Tuve el privilegio de que fuera nada menos que Luis Buñuel quien me introdujera en el mundo del Dry Martini. Es un auténtico maestro en la materia: en la de beber y en la de vivir bien. Lo cuenta con gracia insuperable en su libro de memorias “Mi último suspiro”. Lo conocí en El Paular, en el corazón de la Sierra de Guadarrama. La Fundación Universidad-Empresa celebraba con frecuencia reuniones y seminarios en el Parador del Monasterio y Buñuel se solía retirar allí para pensar y trabajar. Estaba casi siempre acompañado de Jean-Claude Carriére, el guionista de muchas de sus películas, y no me atrevía a saludarle. Una mañana que estaba desayunado solo me armé de valor y me acerqué: “¿es usted periodista”, me preguntó. Cuando le dije que no me invitó a sentarme. Pronto descubrí que era un gran solitario que necesitaba compañía y durante el resto de los días que estuvimos en El Paular desayunamos juntos. Odiaba a los periodistas pero amaba la conversación y también, como pronto supe, el Dry Martini; “no deje de probarlo”, me dijo, “pero no aquí; trato de enseñarles pero los hacen muy mal”. Estaba mucho más sordo que yo y hablaba a gritos de forma que todos los que estaban en el comedor se enteraron de aquello. Me dio su propia forma de hacerlo y me recomendó ir a Chicote o al Hotel Plaza. Ya no sé donde tengo aquella “receta”, pero recuerdo que recomendaba que el Martini llegara a la botella de ginebra como un rayo de sol. En esto era exigente y meticuloso como nadie. Fernando Del Diego, antiguo empleado de Chicote que ahora tiene su propio bar “de copas” en la calle de la Reina de Madrid, ha contado que cuando no le agradaba el que le servían pagaba y se iba sin decir adiós, pero que si le gustaba se despedía haciendo grandes reverencias.
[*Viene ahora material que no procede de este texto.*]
(* Let $1<\beta<2$, $m_{-1}=0$ and $m_p=T_\beta^p(\beta/2)$ for $p\ge0$, and assume the points $m_{-1},m_0,m_1,\dots$ are pairwise distinct. Define $\psi_0=(\beta/2)^{-1/2}\mathbf 1_{[0,\beta/2]}$, and for $p\ge1$ let $m_l=\max\{m_j:-1\le j<p,\ m_j<m_p\}$, $m_u=\min\{m_j:-1\le j<p,\ m_j>m_p\}$, $C_p=\sqrt{\frac{(m_p-m_l)(m_u-m_p)}{m_u-m_l}}$, and $$\psi_p(x)=\begin{cases}C_p/(m_p-m_l)&m_l\le x\le m_p\\ -C_p/(m_u-m_p)& m_p<x\le m_u\\ 0&\text{otherwise on }[0,1].\end{cases}$$ Then $\{\psi_p\}_{p\ge0}$ is an orthonormal family in $L^2[0,1]$, and the matrix elements $\langle n|\mathcal L_\beta|m\rangle=\int_0^1\psi_n(x)[\mathcal L_\beta\psi_m](x)\,dx$ satisfy $\langle n|\mathcal L_\beta|m\rangle=0$ whenever $n>m+1$ (upper Hessenberg form).
   Context: $T_\beta(x)=\beta x$ for $0\le x<\tfrac12$, $T_\beta(x)=\beta(x-\tfrac12)$ for $\tfrac12\le x\le1$. The transfer operator is $[\mathcal L_\beta f](y)=\frac1\beta\left[f\!\left(\frac y\beta\right)+f\!\left(\frac y\beta+\frac12\right)\right]$ for $0\le y\le\beta/2$ and $[\mathcal L_\beta f](y)=0$ for $\beta/2<y\le1$. (Note $m_p\in(0,\beta/2)$ for $p\ge1$ under the distinctness assumption, so $m_l,m_u$ exist.) *)

theory Defs
  imports "HOL-Analysis.Analysis"
begin

definition Tb :: "real \<Rightarrow> real \<Rightarrow> real" where
  "Tb \<beta> x = (if x < 1/2 then \<beta> * x else \<beta> * (x - 1/2))"

definition Lb :: "real \<Rightarrow> (real \<Rightarrow> real) \<Rightarrow> real \<Rightarrow> real" where
  "Lb \<beta> f y = (if 0 \<le> y \<and> y \<le> \<beta>/2
                 then (1/\<beta>) * (f (y/\<beta>) + f (y/\<beta> + 1/2)) else 0)"

definition mpt :: "real \<Rightarrow> int \<Rightarrow> real" where
  "mpt \<beta> j = (if j = -1 then 0 else (Tb \<beta> ^^ nat j) (\<beta>/2))"

definition mlow :: "real \<Rightarrow> nat \<Rightarrow> real" where
  "mlow \<beta> p = Max {mpt \<beta> j | j. -1 \<le> j \<and> j < int p \<and> mpt \<beta> j < mpt \<beta> (int p)}"

definition mup :: "real \<Rightarrow> nat \<Rightarrow> real" where
  "mup \<beta> p = Min {mpt \<beta> j | j. -1 \<le> j \<and> j < int p \<and> mpt \<beta> j > mpt \<beta> (int p)}"

definition Cp :: "real \<Rightarrow> nat \<Rightarrow> real" where
  "Cp \<beta> p = sqrt ((mpt \<beta> (int p) - mlow \<beta> p) * (mup \<beta> p - mpt \<beta> (int p))
                     / (mup \<beta> p - mlow \<beta> p))"
(* Let $G$ be a simple, biconnected, planar graph of maximum degree at most $k$, and let $\mathcal{T}$ be its SPQR-tree, rooted at a Q-node. Let $\mu$ be a node of $\mathcal{T}$ that is not the root, let $\mu'$ be its parent, and let $\{s,t\}$ be the poles of $\mu$. Then for every $v\in\{s,t\}$, the degree of $v$ in the pertinent graph of $\mu$ is at most $k-2$ if $\mu'$ is a P-node or an R-node, and at most $k-1$ otherwise (i.e., if $\mu'$ is an S-node or a Q-node).
   Context: The SPQR-tree (with Q-nodes) of a biconnected graph $G$ is the standard decomposition tree of $G$ into its triconnected components. Each node $\mu$ has a skeleton graph $\mathrm{skel}(\mu)$: for a Q-node it consists of two parallel edges, one of which (the real edge) is an edge of $G$; for an S-node it is a simple cycle of length at least three; for a P-node it is a bundle of at least three parallel edges between two vertices; for an R-node it is a simple triconnected graph. Non-real skeleton edges are virtual edges; each virtual edge of $\mathrm{skel}(\mu)$ corresponds to a tree neighbour $\mu''$ of $\mu$ and to a twin virtual edge in $\mathrm{skel}(\mu'')$. The leaves are exactly the Q-nodes, one per edge of $G$; no two S-nodes and no two P-nodes are adjacent. When the tree is rooted at a Q-node, every non-root node $\mu$ has exactly one virtual edge (the reference edge) whose twin lies in the skeleton of its parent; the endpoints $s,t$ of the reference edge are the poles of $\mu$. The pertinent graph of $\mu$ is the subgraph of $G$ formed by the real edges of the Q-nodes in the subtree rooted at $\mu$ (equivalently, obtained by recursively replacing the non-reference virtual edges of $\mathrm{skel}(\mu)$ by the skeletons of the corresponding children). *)

theory Defs
  imports "HOL-Analysis.Analysis"
begin

definition simple_graph :: "'v set \<Rightarrow> 'v set set \<Rightarrow> bool" where
  "simple_graph V E \<longleftrightarrow> finite V \<and>
     (\<forall>e\<in>E. \<exists>x y. x \<noteq> y \<and> x \<in> V \<and> y \<in> V \<and> e = {x, y})"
Me dejé llevar por la seducción de Buñuel, de su escritura libre, sin complejos ni ataduras, de su amor por los bares. Seguí su recomendación y yo también soy, desde hace tiempo, un buen amante del Dry Martini, de su sabor y de sus efectos. Y no soy un alcohólico, ya no puedo ni quiero. Tampoco pretendo vivir más tiempo del debido, del que me produzca satisfacción. El Dry Martini me ayuda a serenarme, cuando lo necesito. No vale a cualquier hora. Tiene su momento, y hay que aprender a descubrirlo. Si te equivocas, lo pagas caro. A veces lo buscas donde crees que lo tienen colocado en el altar de los cócteles y no lo encuentras –brindo a mis hijos la oportunidad de relatar aquí mis peleas en algunos restaurantes de alto copete cuando lo pedía y me servían una pócima- y otras veces te llevas la sorpresa de encontrarlo en el lugar más inesperado.

Tuve esa feliz sorpresa hace unas semanas en un bar de Villaviciosa de Asturias, junto con mi buen amigo Pablo Maojo. Él me dijo ven y verás lo que es bueno. El bar Soda 1917, que regentan Kike Rojo y su mujer Eva hubiera hecho las delicias de Buñuel: ambiente íntimo; todas las marcas de ginebra de whisky y de vodka imaginables y un Dry Martini que te puedes morir. Horas después, cuando viajaba en el Alvia de vuelta a Madrid, seguía bajo los efectos sobrenaturales del que me preparó Kike con la maestría de un mago y todo el ritual buñuelesco: vaso mezclador, copas y ginebra recién salidas del congelador (el hielo a unos veinte grados bajo cero exigía Buñuel) y luego el levísimo contacto del vermouth con la ginebra. El resultado, si todo va bien, es una bala de plata que, en vez de matarte, reanima tu corazón. Doy fe de ello.